Background: An increase in central line-associated bloodstream infections (CLABSIs) has been reported during the Coronavirus (COVID-19) pandemic; however, few studies have documented causative pathogens, particularly Candida species associated with candidemia. Methods: This was a retrospective study based on the National Health Care Safety Network surveillance definitions of CLABSI caused by Candida species during pre-COVID-19 (October 2017 to February 2020) and COVID-19 (March 2020 to December 2021) periods within a local community hospital.

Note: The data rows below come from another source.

(* Assume $r_0>-\infty$ and $\mathbb E[(\min\{t_1^+,\dots,t_{2d}^+\})^d]<\infty$. Then the restricted path shape functions $g,g^o$ (extended to $\mathcal U$ by radial limits) satisfy the following. (i) $g(0)=r_0$ and $g^o(0)=r_0\wedge0$. (ii) If $r_0\le0$ then $g=g^o$ on all of $\mathcal U$. If $r_0>0$ then $g>g^o$ in an open neighborhood of the origin. (iii) For all $\xi\in\mathbb R^d\setminus\{0\}$ and $\alpha\ge|\xi|_1$, $$\alpha g^o(\xi/\alpha)=\inf_{\tau:\,|\xi|_1\le\tau\le\alpha}\tau g(\xi/\tau),$$ and the infimum on the right is attained at some $\tau\in[|\xi|_1,\alpha]$. In particular, $|\xi|_1=1$ implies $g^o(\xi)=g(\xi)$. (iv) For $\diamond\in\{\text{none},o\}$ (with $g^{\text{none}}=g$), the extended function $g^\diamond$ is convex and lower semicontinuous on $\mathcal U$.
   Context: Let $d\ge2$. The edge weights $\{t(e)\}$ on the undirected nearest-neighbor edges of $\mathbb Z^d$ are i.i.d. real, and $t_i$ are i.i.d. copies with $t_i^+=t_i\vee0$. Set $r_0=\operatorname{ess\,inf}t(e)$ and $\mathcal U=\{|\xi|_1\le1\}$. Let $G_{0,(n),x}$ (respectively $G^o_{0,(n),x}$) be the minimal passage time over $n$-step paths from $0$ to $x$ with steps in $\{\pm e_i\}$ (respectively in $\{\pm e_i\}\cup\{0\}$, with zero steps of weight $0$). Let $\mathcal D_n$ and $\mathcal D^o_n$ be the corresponding sets of reachable points. $g$ and $g^o$ are the deterministic continuous convex functions on $\{|\xi|_1<1\}$ such that a.s. $n^{-1}G_{0,(k_n),x_n}\to\alpha g(\xi/\alpha)$ and $n^{-1}G^o_{0,(k_n),y_n}\to\alpha g^o(\xi/\alpha)$ whenever $\alpha>|\xi|_1$, $k_n/n\to\alpha$, $x_n\in\mathcal D_{k_n}$, $y_n\in\mathcal D^o_{k_n}$, $x_n/n,y_n/n\to\xi$. For $|\xi|_1=1$, set $g^\diamond(\xi)=\lim_{t\nearrow1}g^\diamond(t\xi)\in(-\infty,\infty]$. *)

theory Defs
  imports "HOL-Probability.Probability"
begin

text \<open>The undirected nearest-neighbour edge between x and x + e_i
  is encoded as the pair (x, i).
  A zero step (lazy step, weight 0) is None in the option type.\<close>

type_synonym 'd edge = "(int^'d) \<times> 'd"

definition unitv :: "'d::finite \<Rightarrow> int^'d" where
  "unitv i = (\<chi> j. if j = i then 1 else 0)"

definition stepvec :: "'d::finite \<times> bool \<Rightarrow> int^'d" where
  "stepvec s = (if snd s then unitv (fst s) else - unitv (fst s))"

definition step_edge :: "int^'d \<Rightarrow> 'd::finite \<times> bool \<Rightarrow> 'd edge" where
  "step_edge x s = (if snd s then (x, fst s) else (x - unitv (fst s), fst s))"

text \<open>Passage time of the path starting at x and following the steps ss
  (edge weights are summed with multiplicity).\<close>
fun path_weight :: "('d::finite edge \<Rightarrow> real) \<Rightarrow> int^'d \<Rightarrow> ('d \<times> bool) list \<Rightarrow> real" where
  "path_weight w x [] = 0"
| "path_weight w x (s # ss) = w (step_edge x s) + path_weight w (x + stepvec s) ss"

definition stepvec_o :: "('d::finite \<times> bool) option \<Rightarrow> int^'d" where
  "stepvec_o s = (case s of None \<Rightarrow> 0 | Some s' \<Rightarrow> stepvec s')"
lemma expo_diff [simp]: "expo a b c d - expo a' b' c' d' = expo (a - a') (b - b') (c - c') (d - d')"
  by (rule exponent_eqI) (simp_all add: lookup_minus)

lemma expo_lookup:
  "m = expo (Poly_Mapping.lookup m X1) (Poly_Mapping.lookup m X2) (Poly_Mapping.lookup m X3) (Poly_Mapping.lookup m Y)"
  by (rule exponent_eqI) simp_all

lemma expo_0 [simp]: "expo 0 0 0 0 = 0"
  by (rule exponent_eqI) simp_all

lemma single_var_expo:
  "Poly_Mapping.single X1 k = expo k 0 0 0" "Poly_Mapping.single X2 k = expo 0 k 0 0"
  "Poly_Mapping.single X3 k = expo 0 0 k 0" "Poly_Mapping.single Y k = expo 0 0 0 k"
  by (rule exponent_eqI; simp add: lookup_single)+

lemma pvar_power_expo:
  "pvar X1 ^ k = Poly_Mapping.single (expo k 0 0 0) 1" "pvar X2 ^ k = Poly_Mapping.single (expo 0 k 0 0) 1"
  "pvar X3 ^ k = Poly_Mapping.single (expo 0 0 k 0) 1" "pvar Y ^ k = Poly_Mapping.single (expo 0 0 0 k) 1"
  by (induction k) (simp_all add: pvar_def single_var_expo mult_single)

lemmas pvar_expo = pvar_power_expo[where k = 1, simplified]

lemma wdeg_expo [simp]: "wdeg (expo a b c d) = a + b + c + 2 * d"
  by (simp add: wdeg_def)

lemma wdeg_add: "wdeg (m + n) = wdeg m + wdeg n"
  by (simp add: wdeg_def lookup_add)

lemma wdeg_0 [simp]: "wdeg 0 = 0"
  by (simp add: wdeg_def)

lemma wdeg_eq_0_iff: "wdeg m = 0 \<longleftrightarrow> m = 0"
  by (subst (2) expo_lookup) (auto simp: wdeg_def simp flip: expo_0)

lemma poly_mapping_sum_single_superset:
  fixes p :: "'a \<Rightarrow>\<^sub>0 'b::comm_monoid_add"
  assumes "finite S" "Poly_Mapping.keys p \<subseteq> S"
  shows "p = (\<Sum>k\<in>S. Poly_Mapping.single k (Poly_Mapping.lookup p k))"
proof (rule poly_mapping_eqI)
  fix m
  have "Poly_Mapping.lookup (\<Sum>k\<in>S. Poly_Mapping.single k (Poly_Mapping.lookup p k)) m
      = (if m \<in> S then Poly_Mapping.lookup p m else 0)"
    using assms(1) by (simp add: lookup_sum lookup_single when_def)
  also have "\<dots> = Poly_Mapping.lookup p m"
    using assms(2) by (auto simp: in_keys_iff)
  finally show "Poly_Mapping.lookup p m
      = Poly_Mapping.lookup (\<Sum>k\<in>S. Poly_Mapping.single k (Poly_Mapping.lookup p k)) m"
    by simp
qed

lemma poly_mapping_sum_single:
  fixes p :: "'a \<Rightarrow>\<^sub>0 'b::comm_monoid_add"
  shows "p = (\<Sum>k\<in>Poly_Mapping.keys p. Poly_Mapping.single k (Poly_Mapping.lookup p k))"
  by (rule poly_mapping_sum_single_superset) auto

lemma lookup_mult_single_shift:
  fixes p :: mpoly
  shows "Poly_Mapping.lookup (p * Poly_Mapping.single n c) (m + n) = Poly_Mapping.lookup p m * c"
proof -
  have "p * Poly_Mapping.single n c
      = (\<Sum>k\<in>Poly_Mapping.keys p. Poly_Mapping.single (k + n) (Poly_Mapping.lookup p k * c))"
    by (subst poly_mapping_sum_single) (simp add: sum_distrib_right mult_single)
  then show ?thesis
    by (simp add: lookup_sum lookup_single when_def in_keys_iff)
qed

lemma single_one_eq_iff [simp]:
  "Poly_Mapping.single a (1::complex) = Poly_Mapping.single b 1 \<longleftrightarrow> a = b"
  by (metis lookup_single_eq lookup_single_not_eq one_neq_zero)

lemma mult_single_one_eq_0_iff: "(p :: mpoly) * Poly_Mapping.single n 1 = 0 \<longleftrightarrow> p = 0"
proof
  assume "p * Poly_Mapping.single n 1 = 0"
  then show "p = 0"
    by (intro poly_mapping_eqI) (metis lookup_mult_single_shift lookup_zero mult_1_right)
qed simp

lemma const_0 [simp]: "const 0 = 0" by (simp add: const_def)
lemma const_1 [simp]: "const 1 = 1" by (simp add: const_def)
lemma const_add: "const (a + b) = const a + const b" by (simp add: const_def single_add)
lemma const_diff: "const (a - b) = const a - const b" by (simp add: const_def single_diff)
lemma const_uminus: "const (- a) = - const a" by (simp add: const_def single_uminus)
lemma const_mult: "const (a * b) = const a * const b" by (simp add: const_def mult_single)
lemma const_numeral: "const (numeral n) = numeral n" by (simp add: const_def)

lemma const_power: "const (a ^ n) = const a ^ n"
  by (induction n) (simp_all add: const_mult)

lemma const_sum: "const (sum f A) = (\<Sum>x\<in>A. const (f x))"
  by (induction A rule: infinite_finite_induct) (simp_all add: const_add)

lemma const_eq_iff [simp]: "const a = const b \<longleftrightarrow> a = b"
  by (metis const_def lookup_single_eq)

lemma const_eq_0_iff [simp]: "const a = 0 \<longleftrightarrow> a = 0"
  by (metis const_0 const_eq_iff)

lemmas const_simps = const_add const_diff const_uminus const_mult const_power const_numeral

lemma const_mult_single: "const c * Poly_Mapping.single m d = Poly_Mapping.single m (c * d)"
  by (simp add: const_def mult_single)

lemma lookup_const: "Poly_Mapping.lookup (const c) m = (if m = 0 then c else 0)"
  by (simp add: const_def lookup_single)

lemma lookup_const_mult: "Poly_Mapping.lookup (const c * p) m = c * Poly_Mapping.lookup p m"
  using lookup_mult_single_shift[of p 0 c m] by (simp add: const_def mult.commute)

lemma const_mult_cancel: "c \<noteq> 0 \<Longrightarrow> const c * (const (1 / c) * p) = p"
  by (simp flip: mult.assoc const_mult)

section \<open>Gradings\<close>

definition homog :: "((var \<Rightarrow>\<^sub>0 nat) \<Rightarrow> nat) \<Rightarrow> nat \<Rightarrow> mpoly \<Rightarrow> bool" where
  "homog \<delta> d p \<longleftrightarrow> (\<forall>m\<in>Poly_Mapping.keys p. \<delta> m = d)"

definition additive :: "((var \<Rightarrow>\<^sub>0 nat) \<Rightarrow> nat) \<Rightarrow> bool" where
  "additive \<delta> \<longleftrightarrow> (\<forall>m n. \<delta> (m + n) = \<delta> m + \<delta> n)"
(* For every integer $r \ge 2$ there exists an integer $N = N(r)$ such that for every integer $n \ge N$ there exists a graph $G=(V,E)$ with (i) $|V| = 7rn$; (ii) $500(\log r) r^2 n < |E| < 600 (\log r) r^2 n$; (iii) for every two disjoint sets $S, T \subseteq V$ with $|S| = |T| = n$, the number of edges of $G$ with both endpoints in $S \cup T$ and at least one endpoint in $S$ is at most $70 (\log r) n$.
   Context: $\log$ denotes the natural logarithm. *)

theory Defs
  imports Complex_Main
begin

definition simple_graph :: "'a set \<Rightarrow> 'a set set \<Rightarrow> bool" where
  "simple_graph V E \<longleftrightarrow> finite V \<and> (\<forall>e\<in>E. e \<subseteq> V \<and> card e = 2)"

definition edges_touching :: "'a set set \<Rightarrow> 'a set \<Rightarrow> 'a set \<Rightarrow> 'a set set" where
  "edges_touching E S T = {e \<in> E. e \<subseteq> S \<union> T \<and> e \<inter> S \<noteq> {}}"

end

theory Submission
  imports Defs "HOL-Analysis.Analysis"
begin

text \<open>
  The graph is found by counting m-element edge sets on 7rn vertices, m \<approx> 501 r^2 n ln r.
  For disjoint n-sets S and T, the edges with both ends in S \<union> T that meet S are drawn from a set
  of at most Q0 = 3n^2/2 vertex pairs. An exponential-moment (Chernoff) estimate of the
  hypergeometric tail bounds the number of m-edge sets with more than t = 70 n ln r such edges by
  C(M,m) exp(Q0 (e m/(M - Q0) - m/M) - t), where M = C(7rn,2). There are at most
  C(7rn,n)^2 \<le> (7er)^(2n) pairs (S, T), and for n \<ge> 100r the union of all bad edge sets is
  smaller than the C(M,m) edge sets available.
\<close>

lemma choose_diff_le_pow:
  assumes "K \<le> N" "i \<le> N"
  shows "real (N - i choose K) \<le> real (N choose K) * (1 - real K / real N) ^ i"
  using assms(2)
proof (induction i)
  case 0
  then show ?case by simp
next
  case (Suc i)
  have N_pos: "N > 0" and i_lt: "i < N"
    using Suc.prems by simp_all
  have ratio_nonneg: "0 \<le> 1 - real K / real N"
    using assms(1) N_pos by (simp add: field_simps)
  have "(N - i - K) * (N - i choose K) = (N - i) * (N - Suc i choose K)"
    using binomial_absorb_comp[of "N - i" K] by simp
  then have absorb: "real (N - i) * real (N - Suc i choose K) = real (N - i - K) * real (N - i choose K)"
    by (metis of_nat_mult)
  have shrink: "real (N - i - K) \<le> real (N - i) * (1 - real K / real N)"
  proof (cases "K \<le> N - i")
    case True
    then have "real (N - i - K) = real N - real i - real K"
      using i_lt by simp
    moreover have "real (N - i) * (1 - real K / real N) = real N - real i - real K + real i * real K / real N"
      using i_lt N_pos by (simp add: field_simps)
    ultimately show ?thesis by simp
  next
    case False
    then show ?thesis using ratio_nonneg by simp
  qed
  have "real (N - i) * real (N - Suc i choose K)
        \<le> real (N - i) * (1 - real K / real N) * real (N - i choose K)"
    unfolding absorb by (rule mult_right_mono[OF shrink]) simp
  also have "\<dots> \<le> real (N - i) * (1 - real K / real N) * (real (N choose K) * (1 - real K / real N) ^ i)"
    using Suc.IH i_lt ratio_nonneg by (intro mult_left_mono) simp_all
  also have "\<dots> = real (N - i) * (real (N choose K) * (1 - real K / real N) ^ Suc i)"
    by simp
  finally show ?case
    using i_lt by (simp add: mult_le_cancel_left_pos)
qed

lemma choose_diff_diff_le_pow:
  assumes "c \<ge> 0" "real K \<le> c * real (N - i)" "i \<le> K"
  shows "real (N - i choose (K - i)) \<le> real (N choose K) * c ^ i"
  using assms(2,3)
proof (induction i)
  case 0
  then show ?case by simp
next
  case (Suc i)
  have "c * real (N - Suc i) \<le> c * real (N - i)"
    using assms(1) by (intro mult_left_mono) simp_all
  then have "real K \<le> c * real (N - i)"
    using Suc.prems(1) by linarith
  then have IH: "real (N - i choose (K - i)) \<le> real (N choose K) * c ^ i"
    by (rule Suc.IH[OF _ Suc_leD[OF Suc.prems(2)]])
  have "Suc i < N"
  proof (rule ccontr)
    assume "\<not> Suc i < N"
    then show False using Suc.prems by simp
  qed
  define n' where "n' = N - Suc i"
  define k' where "k' = K - Suc i"
  have n': "N - i = Suc n'" "N - Suc i = n'"
    using \<open>Suc i < N\<close> unfolding n'_def by simp_all
  have k': "K - i = Suc k'" "K - Suc i = k'"
    using Suc.prems(2) unfolding k'_def by simp_all
  have "Suc k' * (Suc n' choose Suc k') = Suc n' * (n' choose k')"
    using binomial_absorption[of k' "Suc n'"] by simp
  then have "real (Suc n') * real (n' choose k') = real (Suc k') * real (Suc n' choose Suc k')"
    by (metis of_nat_mult)
  also have "\<dots> \<le> real K * real (Suc n' choose Suc k')"
    using Suc.prems(2) k' by (intro mult_right_mono) simp_all
  also have "\<dots> \<le> (c * real n') * (real (N choose K) * c ^ i)"
  proof (rule mult_mono)
    show "real K \<le> c * real n'"
      using Suc.prems(1) n' by simp
    show "real (Suc n' choose Suc k') \<le> real (N choose K) * c ^ i"
      using IH n' k' by simp
  qed (use assms(1) in simp_all)
  also have "\<dots> \<le> real (Suc n') * (real (N choose K) * c ^ Suc i)"
    using assms(1) by (simp add: algebra_simps mult_right_mono)
  finally show ?case
    using n' k' by simp
qed

lemma choose_diff_diff_le:
  assumes "j \<le> m" "j \<le> q" "q < M" "m \<le> M"
  shows "real (M - q choose (m - j))
    \<le> real (M choose m) * (1 - real m / real M) ^ (q - j) * (real m / real (M - q)) ^ j"
proof -
  define N where "N = M - (q - j)"
  have N_diff: "M - q = N - j"
    unfolding N_def using assms by simp
  have "real m \<le> real m / real (M - q) * real (N - j)"
    using assms(3) N_diff by simp
  then have "real (N - j choose (m - j)) \<le> real (N choose m) * (real m / real (M - q)) ^ j"
    using assms(1) by (intro choose_diff_diff_le_pow) simp_all
  also have "\<dots> \<le> real (M choose m) * (1 - real m / real M) ^ (q - j) * (real m / real (M - q)) ^ j"
    unfolding N_def using assms by (intro mult_right_mono choose_diff_le_pow) simp_all
  finally show ?thesis
    unfolding N_diff .
qed

lemma power_div_fact_le_exp:
  fixes x :: real
  assumes "0 \<le> x"
  shows "x ^ k / fact k \<le> exp x"
proof -
  have exp_sums: "(\<lambda>i. x ^ i /\<^sub>R fact i) sums exp x"
    by (rule exp_converges)
  have "(\<Sum>i\<in>{k}. x ^ i /\<^sub>R fact i) \<le> (\<Sum>i. x ^ i /\<^sub>R fact i)"
    using assms exp_sums by (intro sum_le_suminf) (auto simp: sums_summable)
  then show ?thesis
    using sums_unique[OF exp_sums] by (simp add: divide_inverse_commute)
qed

lemma binomial_le_exp_pow:
  assumes "k \<ge> 1"
  shows "real (n choose k) \<le> (exp 1 * real n / real k) ^ k"
proof (cases "k \<le> n")
  case False
  then show ?thesis by (simp add: binomial_eq_0)
next
  case True
  have "fact k * (n choose k) = fact n div fact (n - k)"
    using binomial_fact_lemma[OF True]
    by (metis fact_nonzero nonzero_mult_div_cancel_right mult.commute mult.assoc)
  also have "\<dots> \<le> n ^ k"
    by (rule fact_div_fact_le_pow[OF True])
  finally have "real (fact k * (n choose k)) \<le> real (n ^ k)"
    by (simp only: of_nat_le_iff)
  then have "real (n choose k) \<le> real n ^ k / fact k"
    by (simp add: field_simps)
  also have "\<dots> = (real n / real k) ^ k * (real k ^ k / fact k)"
    using assms by (simp add: power_divide)
  also have "\<dots> \<le> (real n / real k) ^ k * exp (real k)"
    by (intro mult_left_mono power_div_fact_le_exp) simp_all
  also have "\<dots> = (exp 1 * real n / real k) ^ k"
    using exp_of_nat_mult[of k "1::real"] by (simp add: power_mult_distrib power_divide)
  finally show ?thesis .
qed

Candida CLABSI incidence per 1,000 central line days was compared between periods using the χ2 test and correlated with COVID-19 inpatient hospitalization rates using Pearson correlation. Results: Overall CLABSI (0.68 vs 1.98 per 1,000, P = .004) and Candida CLABSI incidence (0.06 vs 0.77 per 1,000, P = .003) significantly increased from pre-COVID-19 to COVID-19 periods. There was a significant correlation between COVID-19 ICU hospitalizations and CLABSIs (R = 0.18, P = .048), but not acute care hospitalizations and CLABSIs (R = 0.065, P = .250). Conversely, there was a significant association between COVID-19 acute care hospitalizations and Candida CLABSIs (R = 0.50, P < .001), but not COVID-19 ICU hospitalizations and Candida CLABSIs (R = 0.01, P = .631). Conclusions: During the COVID-19 pandemic, our facility experienced a significant increase in Candida CLABSI and a significant correlation of Candida CLABSIs with acute care COVID-19 hospitalizations.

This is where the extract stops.